(Stored data entries)
......

lemma trep_eq_card_odd:
  "trep a b c n = card {(x, y, z). odd x \<and> odd y \<and> odd z
     \<and> int (8*n + a + b + c) = int a * x^2 + int b * y^2 + int c * z^2}"
proof -
  define A where "A = {(x::int, y::int, z::int).
      int n = int a * (x * (x + 1) div 2) + int b * (y * (y + 1) div 2) + int c * (z * (z + 1) div 2)}"
  define B where "B = {(x, y, z). odd x \<and> odd y \<and> odd z
     \<and> int (8*n + a + b + c) = int a * x^2 + int b * y^2 + int c * z^2}"
  define f where "f = (\<lambda>(x::int, y::int, z::int). (2*x + 1, 2*y + 1, 2*z + 1))"
  define g where "g = (\<lambda>(x::int, y::int, z::int). (x div 2, y div 2, z div 2))"
  have sum: "int a * (2*x + 1)^2 + int b * (2*y + 1)^2 + int c * (2*z + 1)^2
      = 8 * (int a * (x * (x + 1) div 2) + int b * (y * (y + 1) div 2) + int c * (z * (z + 1) div 2))
        + int a + int b + int c" for x y z :: int
    unfolding triangular_square[symmetric] by (simp add: algebra_simps)
  have "bij_betw f A B"
  proof (rule bij_betw_byWitness[where f' = g])
    show "\<forall>t\<in>A. g (f t) = t" unfolding f_def g_def by auto
    show "\<forall>t\<in>B. f (g t) = t" unfolding B_def f_def g_def by auto
    show "f ` A \<subseteq> B" unfolding A_def B_def f_def using sum by auto
    show "g ` B \<subseteq> A"
    proof
      fix s assume "s \<in> g ` B"
      then obtain t where "t \<in> B" "s = g t" by blast
      moreover obtain x y z where "t = (x, y, z)" by (rule prod_cases3)
      ultimately have xyz: "(x, y, z) \<in> B" "s = g (x, y, z)" by simp_all
      obtain x' y' z' where "x = 2*x' + 1" "y = 2*y' + 1" "z = 2*z' + 1"
        using xyz(1) unfolding B_def by (auto elim!: oddE)
      then show "s \<in> A" using xyz sum[of x' y' z'] unfolding A_def B_def g_def by auto
    qed
  qed
  then show ?thesis unfolding trep_def A_def[symmetric] B_def[symmetric] by (rule bij_betw_same_card)
qed

lemma Nrep133_eq_N133: "Nrep 1 3 3 k = N133 (int k)"
  unfolding Nrep_def count133_def by (rule arg_cong[where f = card]) auto

lemma Nrep233_double: "Nrep 2 3 3 (2*m) = N133 (int m)"
proof -
  have "Nrep 2 3 3 (2*m) = card {(x, y, z). True \<and> 2*x^2 + 3*y^2 + 3*z^2 = 2 * int m}"
    unfolding Nrep_def by (rule arg_cong[where f = card]) auto
  also have "\<dots> = N133 (int m)"
    by (rule card_sols233_eq_count133)
  finally show ?thesis .
qed

lemma trep133_eq_count133: "trep 1 3 3 m = count133 (\<lambda>x y z. odd x \<and> odd y \<and> odd z) (8 * int m + 7)"
  unfolding trep_eq_card_odd count133_def by (rule arg_cong[where f = card]) auto

lemma trep233_eq: "trep 2 3 3 n = 4 * M133 (int n + 1)"
proof -
  have "trep 2 3 3 n = card {(x, y, z). (odd x \<and> odd y \<and> odd z) \<and> 2*x^2 + 3*y^2 + 3*z^2 = 2 * (4 * (int n + 1))}"
    unfolding trep_eq_card_odd by (rule arg_cong[where f = card]) auto
  also have "\<dots> = count133 (\<lambda>x u v. odd x \<and> odd (u + v) \<and> odd (u - v)) (4 * (int n + 1))"
    by (rule card_sols233_eq_count133)
  also have "\<dots> = count133 (\<lambda>x y z. odd x \<and> odd (y + z)) (4 * (int n + 1))"
    by (rule count133_cong) auto
  also have "\<dots> = 4 * M133 (int n + 1)"
    by (rule count133_odd_odd_sum_times4)
  finally show ?thesis .
qed

lemma Nrep133_succ_eq: "Nrep 1 3 3 (n + 1) = N133 (int n + 1)"
  unfolding Nrep133_eq_N133 of_nat_add of_nat_1 ..

lemma trep233_quarter:
  assumes "int n + 1 = 4 * J"
  shows "trep 2 3 3 n = 8 * M133 J" and "Nrep 1 3 3 (n + 1) = N133 J + 4 * M133 J"
  unfolding trep233_eq Nrep133_succ_eq assms M133_times4 N133_times4 by simp_all

lemma trep233_8m6: "trep 2 3 3 (8*m + 6) = 2 * trep 1 3 3 m"
proof -
  have "int (8*m + 6) + 1 = 8 * int m + 7" "(8 * int m + 7) mod 8 = 7" by simp presburger
  then show ?thesis unfolding trep233_eq trep133_eq_count133 by (simp only: count133_odd_odd_odd)
qed

lemma trep233_32m27: "trep 2 3 3 (32*m + 27) = 4 * trep 1 3 3 m"
proof -
  have q: "int (32*m + 27) + 1 = 4 * (8 * int m + 7)" by simp
  have "(8 * int m + 7) mod 8 = 7" by presburger
  then show ?thesis
    unfolding trep233_quarter(1)[OF q] trep133_eq_count133 by (simp only: count133_odd_odd_odd)
qed

lemma trep233_mod4_eq_0_1:
  assumes "n mod 4 = 0 \<or> n mod 4 = 1"
  shows "trep 2 3 3 n = 4 * Nrep 1 3 3 (n + 1)"
proof -
  have "(int n + 1) mod 4 = 1 \<or> (int n + 1) mod 4 = 2" using assms by presburger
  then show ?thesis unfolding trep233_eq Nrep133_succ_eq by (simp only: M133_eq_N133)
qed

lemma trep233_mod8_eq_2:
  assumes "n mod 8 = 2"
  shows "trep 2 3 3 n = 2 * Nrep 1 3 3 (n + 1)"
proof -
  have "(int n + 1) mod 8 = 3" using assms by presburger
  then show ?thesis unfolding trep233_eq Nrep133_succ_eq by (simp only: N133_mod8_eq_3)
qed

lemma trep233_mod8_eq_6:
  assumes "n mod 8 = 6"
  shows "trep 2 3 3 n = Nrep 1 3 3 (n + 1)"
proof -
  have "(int n + 1) mod 8 = 7" using assms by presburger
  then show ?thesis unfolding trep233_eq Nrep133_succ_eq by (simp only: N133_mod8_eq_7)
qed

lemma trep233_mod32_eq_27:
  assumes "n mod 32 = 27"
  shows "trep 2 3 3 n = Nrep 1 3 3 (n + 1)"
proof -
  have q: "int n + 1 = 4 * ((int n + 1) div 4)" and r: "((int n + 1) div 4) mod 8 = 7"
    using assms by presburger+
  show ?thesis unfolding trep233_quarter[OF q] N133_mod8_eq_7[OF r] by simp
qed

lemma trep233_mod16_eq_3_7:
  assumes "n mod 16 = 3 \<or> n mod 16 = 7"
  shows "5 * trep 2 3 3 n = 8 * Nrep 1 3 3 (n + 1)"
proof -
  have q: "int n + 1 = 4 * ((int n + 1) div 4)"
    and r: "((int n + 1) div 4) mod 4 = 1 \<or> ((int n + 1) div 4) mod 4 = 2"
    using assms by presburger+
  show ?thesis unfolding trep233_quarter[OF q] M133_eq_N133[OF r] by simp
qed

lemma trep233_mod32_eq_11:
  assumes "n mod 32 = 11"
  shows "3 * trep 2 3 3 n = 4 * Nrep 1 3 3 (n + 1)"
proof -
  have q: "int n + 1 = 4 * ((int n + 1) div 4)" and r: "((int n + 1) div 4) mod 8 = 3"
    using assms by presburger+
  show ?thesis unfolding trep233_quarter[OF q] N133_mod8_eq_3[OF r] by simp
qed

......

Exercise prompt:
Nothing in the data may change. Give it again in full.

Response area:
lemma trep_eq_card_odd:
  "trep a b c n = card {(x, y, z). odd x \<and> odd y \<and> odd z
     \<and> int (8*n + a + b + c) = int a * x^2 + int b * y^2 + int c * z^2}"
proof -
  define A where "A = {(x::int, y::int, z::int).
      int n = int a * (x * (x + 1) div 2) + int b * (y * (y + 1) div 2) + int c * (z * (z + 1) div 2)}"
  define B where "B = {(x, y, z). odd x \<and> odd y \<and> odd z
     \<and> int (8*n + a + b + c) = int a * x^2 + int b * y^2 + int c * z^2}"
  define f where "f = (\<lambda>(x::int, y::int, z::int). (2*x + 1, 2*y + 1, 2*z + 1))"
  define g where "g = (\<lambda>(x::int, y::int, z::int). (x div 2, y div 2, z div 2))"
  have sum: "int a * (2*x + 1)^2 + int b * (2*y + 1)^2 + int c * (2*z + 1)^2
      = 8 * (int a * (x * (x + 1) div 2) + int b * (y * (y + 1) div 2) + int c * (z * (z + 1) div 2))
        + int a + int b + int c" for x y z :: int
    unfolding triangular_square[symmetric] by (simp add: algebra_simps)
  have "bij_betw f A B"
  proof (rule bij_betw_byWitness[where f' = g])
    show "\<forall>t\<in>A. g (f t) = t" unfolding f_def g_def by auto
    show "\<forall>t\<in>B. f (g t) = t" unfolding B_def f_def g_def by auto
    show "f ` A \<subseteq> B" unfolding A_def B_def f_def using sum by auto
    show "g ` B \<subseteq> A"
    proof
      fix s assume "s \<in> g ` B"
      then obtain t where "t \<in> B" "s = g t" by blast
      moreover obtain x y z where "t = (x, y, z)" by (rule prod_cases3)
      ultimately have xyz: "(x, y, z) \<in> B" "s = g (x, y, z)" by simp_all
      obtain x' y' z' where "x = 2*x' + 1" "y = 2*y' + 1" "z = 2*z' + 1"
        using xyz(1) unfolding B_def by (auto elim!: oddE)
      then show "s \<in> A" using xyz sum[of x' y' z'] unfolding A_def B_def g_def by auto
    qed
  qed
  then show ?thesis unfolding trep_def A_def[symmetric] B_def[symmetric] by (rule bij_betw_same_card)
qed

lemma Nrep133_eq_N133: "Nrep 1 3 3 k = N133 (int k)"
  unfolding Nrep_def count133_def by (rule arg_cong[where f = card]) auto

lemma Nrep233_double: "Nrep 2 3 3 (2*m) = N133 (int m)"
proof -
  have "Nrep 2 3 3 (2*m) = card {(x, y, z). True \<and> 2*x^2 + 3*y^2 + 3*z^2 = 2 * int m}"
    unfolding Nrep_def by (rule arg_cong[where f = card]) auto
  also have "\<dots> = N133 (int m)"
    by (rule card_sols233_eq_count133)
  finally show ?thesis .
qed

lemma trep133_eq_count133: "trep 1 3 3 m = count133 (\<lambda>x y z. odd x \<and> odd y \<and> odd z) (8 * int m + 7)"
  unfolding trep_eq_card_odd count133_def by (rule arg_cong[where f = card]) auto

lemma trep233_eq: "trep 2 3 3 n = 4 * M133 (int n + 1)"
proof -
  have "trep 2 3 3 n = card {(x, y, z). (odd x \<and> odd y \<and> odd z) \<and> 2*x^2 + 3*y^2 + 3*z^2 = 2 * (4 * (int n + 1))}"
    unfolding trep_eq_card_odd by (rule arg_cong[where f = card]) auto
  also have "\<dots> = count133 (\<lambda>x u v. odd x \<and> odd (u + v) \<and> odd (u - v)) (4 * (int n + 1))"
    by (rule card_sols233_eq_count133)
  also have "\<dots> = count133 (\<lambda>x y z. odd x \<and> odd (y + z)) (4 * (int n + 1))"
    by (rule count133_cong) auto
  also have "\<dots> = 4 * M133 (int n + 1)"
    by (rule count133_odd_odd_sum_times4)
  finally show ?thesis .
qed

lemma Nrep133_succ_eq: "Nrep 1 3 3 (n + 1) = N133 (int n + 1)"
  unfolding Nrep133_eq_N133 of_nat_add of_nat_1 ..

lemma trep233_quarter:
  assumes "int n + 1 = 4 * J"
  shows "trep 2 3 3 n = 8 * M133 J" and "Nrep 1 3 3 (n + 1) = N133 J + 4 * M133 J"
  unfolding trep233_eq Nrep133_succ_eq assms M133_times4 N133_times4 by simp_all

lemma trep233_8m6: "trep 2 3 3 (8*m + 6) = 2 * trep 1 3 3 m"
proof -
  have "int (8*m + 6) + 1 = 8 * int m + 7" "(8 * int m + 7) mod 8 = 7" by simp presburger
  then show ?thesis unfolding trep233_eq trep133_eq_count133 by (simp only: count133_odd_odd_odd)
qed

lemma trep233_32m27: "trep 2 3 3 (32*m + 27) = 4 * trep 1 3 3 m"
proof -
  have q: "int (32*m + 27) + 1 = 4 * (8 * int m + 7)" by simp
  have "(8 * int m + 7) mod 8 = 7" by presburger
  then show ?thesis
    unfolding trep233_quarter(1)[OF q] trep133_eq_count133 by (simp only: count133_odd_odd_odd)
qed

lemma trep233_mod4_eq_0_1:
  assumes "n mod 4 = 0 \<or> n mod 4 = 1"
  shows "trep 2 3 3 n = 4 * Nrep 1 3 3 (n + 1)"
proof -
  have "(int n + 1) mod 4 = 1 \<or> (int n + 1) mod 4 = 2" using assms by presburger
  then show ?thesis unfolding trep233_eq Nrep133_succ_eq by (simp only: M133_eq_N133)
qed

lemma trep233_mod8_eq_2:
  assumes "n mod 8 = 2"
  shows "trep 2 3 3 n = 2 * Nrep 1 3 3 (n + 1)"
proof -
  have "(int n + 1) mod 8 = 3" using assms by presburger
  then show ?thesis unfolding trep233_eq Nrep133_succ_eq by (simp only: N133_mod8_eq_3)
qed

lemma trep233_mod8_eq_6:
  assumes "n mod 8 = 6"
  shows "trep 2 3 3 n = Nrep 1 3 3 (n + 1)"
proof -
  have "(int n + 1) mod 8 = 7" using assms by presburger
  then show ?thesis unfolding trep233_eq Nrep133_succ_eq by (simp only: N133_mod8_eq_7)
qed

lemma trep233_mod32_eq_27:
  assumes "n mod 32 = 27"
  shows "trep 2 3 3 n = Nrep 1 3 3 (n + 1)"
proof -
  have q: "int n + 1 = 4 * ((int n + 1) div 4)" and r: "((int n + 1) div 4) mod 8 = 7"
    using assms by presburger+
  show ?thesis unfolding trep233_quarter[OF q] N133_mod8_eq_7[OF r] by simp
qed

lemma trep233_mod16_eq_3_7:
  assumes "n mod 16 = 3 \<or> n mod 16 = 7"
  shows "5 * trep 2 3 3 n = 8 * Nrep 1 3 3 (n + 1)"
proof -
  have q: "int n + 1 = 4 * ((int n + 1) div 4)"
    and r: "((int n + 1) div 4) mod 4 = 1 \<or> ((int n + 1) div 4) mod 4 = 2"
    using assms by presburger+
  show ?thesis unfolding trep233_quarter[OF q] M133_eq_N133[OF r] by simp
qed

lemma trep233_mod32_eq_11:
  assumes "n mod 32 = 11"
  shows "3 * trep 2 3 3 n = 4 * Nrep 1 3 3 (n + 1)"
proof -
  have q: "int n + 1 = 4 * ((int n + 1) div 4)" and r: "((int n + 1) div 4) mod 8 = 3"
    using assms by presburger+
  show ?thesis unfolding trep233_quarter[OF q] N133_mod8_eq_3[OF r] by simp
qed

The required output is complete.